Stored data entries
(* Let $G$ be a bipartite graph with ordered colour classes $A,B$ whose edge set is partitioned into $k$ monotone matchings $E_1,\dots,E_k$. Let $G'$ be the unraveling of $G$ with respect to this partition. Then $G'$ is $3$-monotone.
   Context: For a bipartite graph with ordered colour classes $(v_1,\dots,v_n)$ and $(w_1,\dots,w_m)$, edges $v_iw_j$ and $v_kw_\ell$ cross if $i<k$ and $\ell<j$; a matching is monotone if no two of its edges cross; a bipartite graph is $d$-monotone if, for some ordering of its colour classes, its edge set is the union of $d$ monotone matchings. Given a graph $G$ with a partition $E_1,\dots,E_k$ of $E(G)$, the unraveling $G'$ has vertex set $V(G)\times[1,k]=\{v_i: v\in V(G), i\in[1,k]\}$, with an edge $v_iw_i$ for each edge $vw\in E_i$ and each $i\in[1,k]$, and an edge $v_iv_{i+1}$ for each $v\in V(G)$ and $i\in[1,k-1]$. *)

theory Defs
  imports Main
begin

(* An ordered bipartite graph: colour classes X, Y (disjoint), each linearly
   ordered via an injective rank function into nat; edges are 2-sets {x,y}
   with x in X, y in Y. *)

definition crosses ::
  "'v set \<Rightarrow> 'v set \<Rightarrow> ('v \<Rightarrow> nat) \<Rightarrow> ('v \<Rightarrow> nat) \<Rightarrow> 'v set \<Rightarrow> 'v set \<Rightarrow> bool" where
  "crosses X Y oX oY e f \<longleftrightarrow>
     (\<exists>x y x' y'. x \<in> X \<and> y \<in> Y \<and> x' \<in> X \<and> y' \<in> Y \<and>
        e = {x, y} \<and> f = {x', y'} \<and> oX x < oX x' \<and> oY y' < oY y)"

definition is_matching :: "'v set set \<Rightarrow> bool" where
  "is_matching M \<longleftrightarrow> (\<forall>e\<in>M. \<forall>f\<in>M. e \<noteq> f \<longrightarrow> e \<inter> f = {})"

WORK ORDER: Take exactly the lines from the one containing "imports Main" through the one containing "set set \<Rightarrow>" in the data above, and output them with nothing added.

RESPONSE TO THIS EXERCISE:
  imports Main
begin

(* An ordered bipartite graph: colour classes X, Y (disjoint), each linearly
   ordered via an injective rank function into nat; edges are 2-sets {x,y}
   with x in X, y in Y. *)

definition crosses ::
  "'v set \<Rightarrow> 'v set \<Rightarrow> ('v \<Rightarrow> nat) \<Rightarrow> ('v \<Rightarrow> nat) \<Rightarrow> 'v set \<Rightarrow> 'v set \<Rightarrow> bool" where
  "crosses X Y oX oY e f \<longleftrightarrow>
     (\<exists>x y x' y'. x \<in> X \<and> y \<in> Y \<and> x' \<in> X \<and> y' \<in> Y \<and>
        e = {x, y} \<and> f = {x', y'} \<and> oX x < oX x' \<and> oY y' < oY y)"

definition is_matching :: "'v set set \<Rightarrow> bool" where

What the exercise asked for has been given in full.